Sustancial, no superficial

3 June 2019

Después Absalón compró un carruaje y caballos, y contrató a cincuenta guardaespaldas para que corrieran delante de él. Cada mañana se levantaba temprano e iba a la puerta de la cuidad. Cuando la gente llevaba un caso al rey para que lo juzgara, Absalón le preguntaba de qué parte de Israel era, y la persona le mencionaba a qué tribu pertenecía. Entonces Absalón le decía: “Usted tiene muy buenos argumentos a su favor. ¡Es una pena que el rey no tenga disponible a nadie para que los escuche! Qué lastima que no soy el juez; si lo fuera, todos podrían traerme sus casos para que los juzgara, y yo les haría justicia”.

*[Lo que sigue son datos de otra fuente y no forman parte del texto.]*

lemma eventually_ln_psi_le:
  assumes P: "Psi_class \<psi>" and H: "((\<lambda>t. \<psi> (t * \<psi> t) / \<psi> t) \<longlongrightarrow> 1) at_top" and e: "0 < \<epsilon>"
  shows "eventually (\<lambda>t. ln (\<psi> t) \<le> \<epsilon> * ln t) at_top"
proof -
  define M where "M = 2 * ln 2 / \<epsilon>"
  have M: "0 < M" using e by (simp add: M_def)
  have "eventually (\<lambda>t. \<psi> (t * \<psi> t) \<le> 2 * \<psi> t \<and> exp M \<le> \<psi> t \<and> 1 \<le> t) at_top"
    using eventually_psi_tpsi_le[OF P H zero_less_one] Psi_class_eventually_ge[OF P, of "exp M"]
      eventually_ge_at_top[of 1]
    by eventually_elim auto
  then obtain T where T: "\<And>t. T \<le> t \<Longrightarrow> \<psi> (t * \<psi> t) \<le> 2 * \<psi> t \<and> exp M \<le> \<psi> t \<and> 1 \<le> t"
    by (auto simp: eventually_at_top_linorder)
  have T1: "1 \<le> T" using T[of T] by auto
  define \<tau> where "\<tau> k = ((\<lambda>t. t * \<psi> t) ^^ k) T" for k
  have orbit: "T \<le> \<tau> k \<and> ln T + k * M \<le> ln (\<tau> k) \<and> ln (\<psi> (\<tau> k)) \<le> ln (\<psi> T) + k * ln 2" for k
    unfolding \<tau>_def using M T by (intro orbit_times_psi_ln_bounds[OF P]) auto
  define c where "c = ln (\<psi> T) + ln 2"
  have main: "ln (\<psi> t) \<le> c + (\<epsilon>/2) * ln t" if t: "T \<le> t" for t
  proof -
    obtain k0 :: nat where "ln t - ln T < k0 * M" using reals_Archimedean3[OF M] by blast
    then have "t < \<tau> k0" using orbit[of k0] T1 t by (smt (verit) ln_le_cancel_iff)
    moreover have "\<tau> 0 \<le> t" using t by (simp add: \<tau>_def)
    ultimately obtain k where tk: "\<tau> k \<le> t" "t < \<tau> (Suc k)" using seq_bracketE by metis
    have "ln (\<psi> t) \<le> ln (\<psi> (\<tau> (Suc k)))"
      using Psi_class_mono[OF P, of t "\<tau> (Suc k)"] tk t T1 Psi_class_pos[OF P, of t] by auto
    also have "\<dots> \<le> c + k * ln 2" using orbit[of "Suc k"] by (simp add: c_def algebra_simps)
    finally have A: "ln (\<psi> t) \<le> c + k * ln 2" .
    have "ln T + k * M \<le> ln t" using orbit[of k] tk(1) T1 by (smt (verit) ln_le_cancel_iff)
    then have "k * M \<le> ln t" using T1 by (smt (verit) ln_ge_zero)
    then have "k * ln 2 \<le> (\<epsilon>/2) * ln t" using e unfolding M_def by (simp add: field_simps)
    then show ?thesis using A by linarith
  qed
  show ?thesis
    using eventually_ge_at_top[of T] eventually_ge_at_top[of "exp (2 * \<bar>c\<bar> / \<epsilon>)"]
  proof eventually_elim
    case (elim t)
    have "2 * \<bar>c\<bar> / \<epsilon> \<le> ln t" using elim(2) by (subst ln_ge_iff) (auto intro: less_le_trans[OF exp_gt_zero])
    then have "c \<le> (\<epsilon>/2) * ln t" using e by (simp add: field_simps)
    then show ?case using main[OF elim(1)] by linarith
  qed
qed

Cuando alguien trataba de inclinarse ante él, no lo permitía. En cambio, lo tomaba de la mano y lo besaba. Absalón hacía esto con todos los que venían al rey por justicia, y de este modo se robaba el corazón de todo el pueblo de Israel.

2 Samuel 15: 1-6 (NTV)

Esta historia tiene que ver con las apariencias. Se trata de un hombre que según la Biblia era el más alabado por su belleza. No solamente era atractivo, sino carismático, la gente lo quería. Sin embargo, lo que él hizo al posicionarse en la entrada de la ciudad fue estratégico, no fue genuino. Si bien por fuera era admirable, por dentro dejaba mucho que desear, como hombre, como hijo y como amigo.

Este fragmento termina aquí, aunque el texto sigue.